▶ [TASK TO COMPLETE]: Go through the data below line by line. Give only the number of lines that contain "increment".

▶ [DATA TO EXAMINE]:
================================
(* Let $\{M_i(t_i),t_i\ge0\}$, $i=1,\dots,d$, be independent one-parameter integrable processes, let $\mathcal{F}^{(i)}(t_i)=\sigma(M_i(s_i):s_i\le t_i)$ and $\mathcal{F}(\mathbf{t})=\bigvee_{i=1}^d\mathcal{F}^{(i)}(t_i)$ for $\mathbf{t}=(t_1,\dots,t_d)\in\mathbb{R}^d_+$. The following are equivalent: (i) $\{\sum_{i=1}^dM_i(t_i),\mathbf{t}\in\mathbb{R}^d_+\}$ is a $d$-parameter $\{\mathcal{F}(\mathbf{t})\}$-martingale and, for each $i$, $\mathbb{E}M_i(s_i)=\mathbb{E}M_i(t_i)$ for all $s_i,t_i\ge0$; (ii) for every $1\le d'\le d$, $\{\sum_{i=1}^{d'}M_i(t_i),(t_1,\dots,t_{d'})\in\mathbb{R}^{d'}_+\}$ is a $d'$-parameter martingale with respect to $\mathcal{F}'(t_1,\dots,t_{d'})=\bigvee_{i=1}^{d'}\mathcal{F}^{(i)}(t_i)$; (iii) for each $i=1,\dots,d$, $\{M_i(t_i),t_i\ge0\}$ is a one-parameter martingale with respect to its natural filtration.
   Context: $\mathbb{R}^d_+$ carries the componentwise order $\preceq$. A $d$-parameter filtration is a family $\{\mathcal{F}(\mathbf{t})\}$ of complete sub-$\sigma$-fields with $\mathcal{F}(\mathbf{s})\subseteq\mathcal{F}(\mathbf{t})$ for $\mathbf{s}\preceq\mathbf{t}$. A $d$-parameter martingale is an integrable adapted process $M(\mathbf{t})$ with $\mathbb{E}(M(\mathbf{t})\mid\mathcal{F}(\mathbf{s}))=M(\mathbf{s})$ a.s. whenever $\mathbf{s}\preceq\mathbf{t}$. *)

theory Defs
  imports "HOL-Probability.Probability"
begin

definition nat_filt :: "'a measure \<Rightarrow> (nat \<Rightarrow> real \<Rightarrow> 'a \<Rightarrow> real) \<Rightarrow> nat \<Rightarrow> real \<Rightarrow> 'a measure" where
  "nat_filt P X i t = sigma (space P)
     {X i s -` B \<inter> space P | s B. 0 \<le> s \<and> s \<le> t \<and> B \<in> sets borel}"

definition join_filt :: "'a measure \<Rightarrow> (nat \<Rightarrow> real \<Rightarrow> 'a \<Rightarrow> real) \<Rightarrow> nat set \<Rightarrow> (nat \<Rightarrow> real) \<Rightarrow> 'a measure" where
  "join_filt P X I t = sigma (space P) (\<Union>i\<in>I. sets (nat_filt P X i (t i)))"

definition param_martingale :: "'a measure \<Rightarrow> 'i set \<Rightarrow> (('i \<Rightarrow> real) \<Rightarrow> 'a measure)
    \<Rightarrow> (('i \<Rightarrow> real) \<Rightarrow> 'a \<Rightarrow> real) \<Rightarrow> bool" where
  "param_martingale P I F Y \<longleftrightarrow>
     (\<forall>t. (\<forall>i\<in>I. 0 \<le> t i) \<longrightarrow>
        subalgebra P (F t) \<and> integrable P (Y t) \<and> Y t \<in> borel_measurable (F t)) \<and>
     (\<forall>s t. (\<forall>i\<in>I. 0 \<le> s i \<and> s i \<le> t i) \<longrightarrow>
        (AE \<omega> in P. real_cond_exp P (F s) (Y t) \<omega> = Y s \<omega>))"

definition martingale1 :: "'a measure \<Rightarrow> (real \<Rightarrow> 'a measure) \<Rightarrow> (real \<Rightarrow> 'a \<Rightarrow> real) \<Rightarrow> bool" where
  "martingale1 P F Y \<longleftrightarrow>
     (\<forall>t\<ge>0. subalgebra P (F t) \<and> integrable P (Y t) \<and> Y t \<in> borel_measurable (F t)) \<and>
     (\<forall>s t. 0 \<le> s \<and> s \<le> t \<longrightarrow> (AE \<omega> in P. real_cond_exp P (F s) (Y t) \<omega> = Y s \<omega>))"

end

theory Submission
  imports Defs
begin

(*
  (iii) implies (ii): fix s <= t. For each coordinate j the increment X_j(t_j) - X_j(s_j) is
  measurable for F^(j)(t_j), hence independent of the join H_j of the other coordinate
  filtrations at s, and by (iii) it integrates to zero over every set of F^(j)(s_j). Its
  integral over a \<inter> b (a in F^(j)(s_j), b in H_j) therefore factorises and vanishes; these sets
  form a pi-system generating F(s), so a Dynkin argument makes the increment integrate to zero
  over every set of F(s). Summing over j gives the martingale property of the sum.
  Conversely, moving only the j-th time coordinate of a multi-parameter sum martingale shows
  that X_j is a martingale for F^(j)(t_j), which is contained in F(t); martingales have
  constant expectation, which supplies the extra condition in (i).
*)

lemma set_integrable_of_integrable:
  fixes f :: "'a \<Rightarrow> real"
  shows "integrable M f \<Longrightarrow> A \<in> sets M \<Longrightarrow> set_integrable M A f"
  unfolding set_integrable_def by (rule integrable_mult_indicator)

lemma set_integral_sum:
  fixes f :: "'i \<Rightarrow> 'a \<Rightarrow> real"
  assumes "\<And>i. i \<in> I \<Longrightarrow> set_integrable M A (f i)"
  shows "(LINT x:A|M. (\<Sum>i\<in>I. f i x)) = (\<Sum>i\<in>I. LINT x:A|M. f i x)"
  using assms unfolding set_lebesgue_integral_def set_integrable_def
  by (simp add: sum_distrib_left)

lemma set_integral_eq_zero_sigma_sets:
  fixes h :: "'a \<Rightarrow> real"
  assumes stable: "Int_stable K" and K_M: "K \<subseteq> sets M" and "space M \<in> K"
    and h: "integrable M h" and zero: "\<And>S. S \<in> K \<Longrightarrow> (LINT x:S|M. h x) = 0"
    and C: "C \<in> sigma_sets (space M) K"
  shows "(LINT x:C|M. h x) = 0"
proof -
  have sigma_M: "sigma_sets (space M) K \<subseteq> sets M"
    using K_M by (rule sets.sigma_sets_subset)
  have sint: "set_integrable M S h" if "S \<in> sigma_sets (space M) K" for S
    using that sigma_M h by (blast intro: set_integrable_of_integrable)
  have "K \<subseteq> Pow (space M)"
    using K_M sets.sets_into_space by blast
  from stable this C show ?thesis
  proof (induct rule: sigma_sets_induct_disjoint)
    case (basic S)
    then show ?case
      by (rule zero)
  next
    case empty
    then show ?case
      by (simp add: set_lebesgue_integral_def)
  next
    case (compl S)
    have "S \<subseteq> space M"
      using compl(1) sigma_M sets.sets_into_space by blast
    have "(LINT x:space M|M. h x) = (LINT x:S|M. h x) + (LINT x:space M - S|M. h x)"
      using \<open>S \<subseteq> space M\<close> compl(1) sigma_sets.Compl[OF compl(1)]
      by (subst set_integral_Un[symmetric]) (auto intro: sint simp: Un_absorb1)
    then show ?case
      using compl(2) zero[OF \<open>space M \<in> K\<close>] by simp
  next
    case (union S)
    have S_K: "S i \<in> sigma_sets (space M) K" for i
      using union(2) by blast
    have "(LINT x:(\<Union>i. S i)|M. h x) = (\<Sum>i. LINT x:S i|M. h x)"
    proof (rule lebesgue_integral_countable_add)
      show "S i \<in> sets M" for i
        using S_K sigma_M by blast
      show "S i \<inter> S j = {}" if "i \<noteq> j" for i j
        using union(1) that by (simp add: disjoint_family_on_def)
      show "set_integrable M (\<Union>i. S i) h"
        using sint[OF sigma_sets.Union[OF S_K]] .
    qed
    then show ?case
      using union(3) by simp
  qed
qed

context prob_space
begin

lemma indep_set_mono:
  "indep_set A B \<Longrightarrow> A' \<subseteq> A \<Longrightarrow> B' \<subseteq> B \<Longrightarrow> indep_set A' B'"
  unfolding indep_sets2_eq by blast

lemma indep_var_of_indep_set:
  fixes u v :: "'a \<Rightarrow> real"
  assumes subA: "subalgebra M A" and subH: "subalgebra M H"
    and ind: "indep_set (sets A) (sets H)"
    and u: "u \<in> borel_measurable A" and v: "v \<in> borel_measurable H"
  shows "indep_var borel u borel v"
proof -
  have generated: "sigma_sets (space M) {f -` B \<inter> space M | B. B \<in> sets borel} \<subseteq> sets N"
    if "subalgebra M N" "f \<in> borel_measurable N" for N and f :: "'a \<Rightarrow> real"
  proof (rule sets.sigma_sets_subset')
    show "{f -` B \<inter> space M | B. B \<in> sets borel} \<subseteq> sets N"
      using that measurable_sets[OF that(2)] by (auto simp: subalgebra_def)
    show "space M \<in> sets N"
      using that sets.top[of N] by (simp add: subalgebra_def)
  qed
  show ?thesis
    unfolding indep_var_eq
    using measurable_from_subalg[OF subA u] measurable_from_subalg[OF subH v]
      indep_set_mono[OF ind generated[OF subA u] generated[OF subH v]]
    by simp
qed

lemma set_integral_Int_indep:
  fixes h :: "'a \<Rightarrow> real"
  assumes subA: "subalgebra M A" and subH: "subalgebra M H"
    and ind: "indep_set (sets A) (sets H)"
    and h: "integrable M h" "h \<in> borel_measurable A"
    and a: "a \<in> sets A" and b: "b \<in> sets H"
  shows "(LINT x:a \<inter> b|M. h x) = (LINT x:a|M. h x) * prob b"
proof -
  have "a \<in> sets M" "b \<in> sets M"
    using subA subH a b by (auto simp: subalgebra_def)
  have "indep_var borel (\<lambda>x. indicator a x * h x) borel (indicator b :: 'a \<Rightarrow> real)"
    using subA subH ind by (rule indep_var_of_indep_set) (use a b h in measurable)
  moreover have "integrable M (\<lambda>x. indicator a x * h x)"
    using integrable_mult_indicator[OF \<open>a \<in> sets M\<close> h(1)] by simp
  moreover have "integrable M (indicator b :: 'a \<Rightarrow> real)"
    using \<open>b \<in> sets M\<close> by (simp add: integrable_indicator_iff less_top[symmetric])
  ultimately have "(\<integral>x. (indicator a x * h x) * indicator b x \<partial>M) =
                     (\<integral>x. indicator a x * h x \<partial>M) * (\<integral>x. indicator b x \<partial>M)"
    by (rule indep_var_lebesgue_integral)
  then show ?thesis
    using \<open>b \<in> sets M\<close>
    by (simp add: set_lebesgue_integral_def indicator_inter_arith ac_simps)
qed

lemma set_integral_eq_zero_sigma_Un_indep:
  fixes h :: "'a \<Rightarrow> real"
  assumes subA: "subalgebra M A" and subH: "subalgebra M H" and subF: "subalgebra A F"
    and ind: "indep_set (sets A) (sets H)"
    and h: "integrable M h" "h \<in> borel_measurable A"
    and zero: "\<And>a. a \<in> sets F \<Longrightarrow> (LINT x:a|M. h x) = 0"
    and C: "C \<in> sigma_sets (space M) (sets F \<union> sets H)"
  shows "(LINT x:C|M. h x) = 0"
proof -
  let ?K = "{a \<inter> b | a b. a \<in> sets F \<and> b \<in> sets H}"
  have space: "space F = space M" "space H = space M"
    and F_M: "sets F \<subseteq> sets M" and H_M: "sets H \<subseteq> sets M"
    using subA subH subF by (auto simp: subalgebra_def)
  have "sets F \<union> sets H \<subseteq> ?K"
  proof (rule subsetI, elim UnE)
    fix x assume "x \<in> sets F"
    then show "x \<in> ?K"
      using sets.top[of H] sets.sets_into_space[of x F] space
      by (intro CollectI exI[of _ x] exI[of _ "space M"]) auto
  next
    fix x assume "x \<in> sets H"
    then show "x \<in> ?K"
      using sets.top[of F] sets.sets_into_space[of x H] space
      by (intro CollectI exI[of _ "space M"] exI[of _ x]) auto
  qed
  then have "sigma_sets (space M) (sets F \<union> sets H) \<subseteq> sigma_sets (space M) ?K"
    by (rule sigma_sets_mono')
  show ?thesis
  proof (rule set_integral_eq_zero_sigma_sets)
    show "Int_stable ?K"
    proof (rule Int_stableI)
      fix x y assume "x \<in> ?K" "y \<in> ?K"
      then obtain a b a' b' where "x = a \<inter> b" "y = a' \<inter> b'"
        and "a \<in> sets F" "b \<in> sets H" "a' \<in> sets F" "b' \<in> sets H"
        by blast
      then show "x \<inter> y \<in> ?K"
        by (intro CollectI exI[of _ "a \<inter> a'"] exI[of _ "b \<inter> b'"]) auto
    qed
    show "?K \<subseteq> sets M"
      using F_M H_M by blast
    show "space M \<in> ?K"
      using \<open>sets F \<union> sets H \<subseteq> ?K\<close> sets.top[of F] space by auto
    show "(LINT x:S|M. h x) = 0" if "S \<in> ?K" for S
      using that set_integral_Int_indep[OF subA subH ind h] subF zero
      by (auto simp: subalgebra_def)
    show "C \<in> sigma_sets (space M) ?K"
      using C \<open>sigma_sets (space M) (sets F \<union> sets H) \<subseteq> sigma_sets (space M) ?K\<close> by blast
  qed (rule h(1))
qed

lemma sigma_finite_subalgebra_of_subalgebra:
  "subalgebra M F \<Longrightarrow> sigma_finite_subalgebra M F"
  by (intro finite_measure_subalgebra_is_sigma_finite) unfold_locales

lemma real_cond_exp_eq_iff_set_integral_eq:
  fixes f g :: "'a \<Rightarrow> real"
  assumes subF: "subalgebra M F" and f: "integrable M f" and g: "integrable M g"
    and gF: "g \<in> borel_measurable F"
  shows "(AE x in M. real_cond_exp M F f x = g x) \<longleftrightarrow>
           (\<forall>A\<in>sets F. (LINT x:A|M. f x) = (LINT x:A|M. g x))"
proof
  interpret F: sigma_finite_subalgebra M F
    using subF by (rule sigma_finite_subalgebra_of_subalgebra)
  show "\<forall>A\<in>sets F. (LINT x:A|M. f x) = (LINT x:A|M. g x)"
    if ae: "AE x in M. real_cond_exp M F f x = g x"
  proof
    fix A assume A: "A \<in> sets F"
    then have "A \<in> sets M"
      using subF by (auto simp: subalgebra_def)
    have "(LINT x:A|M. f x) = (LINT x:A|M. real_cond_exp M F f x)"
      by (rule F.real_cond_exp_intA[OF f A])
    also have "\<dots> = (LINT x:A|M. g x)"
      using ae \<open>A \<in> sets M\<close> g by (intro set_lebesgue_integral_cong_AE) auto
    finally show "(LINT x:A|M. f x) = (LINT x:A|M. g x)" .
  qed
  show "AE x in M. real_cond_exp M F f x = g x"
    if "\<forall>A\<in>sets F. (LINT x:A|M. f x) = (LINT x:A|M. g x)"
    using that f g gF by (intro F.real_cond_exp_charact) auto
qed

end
================================
▶ [RESPONSE AREA]: 2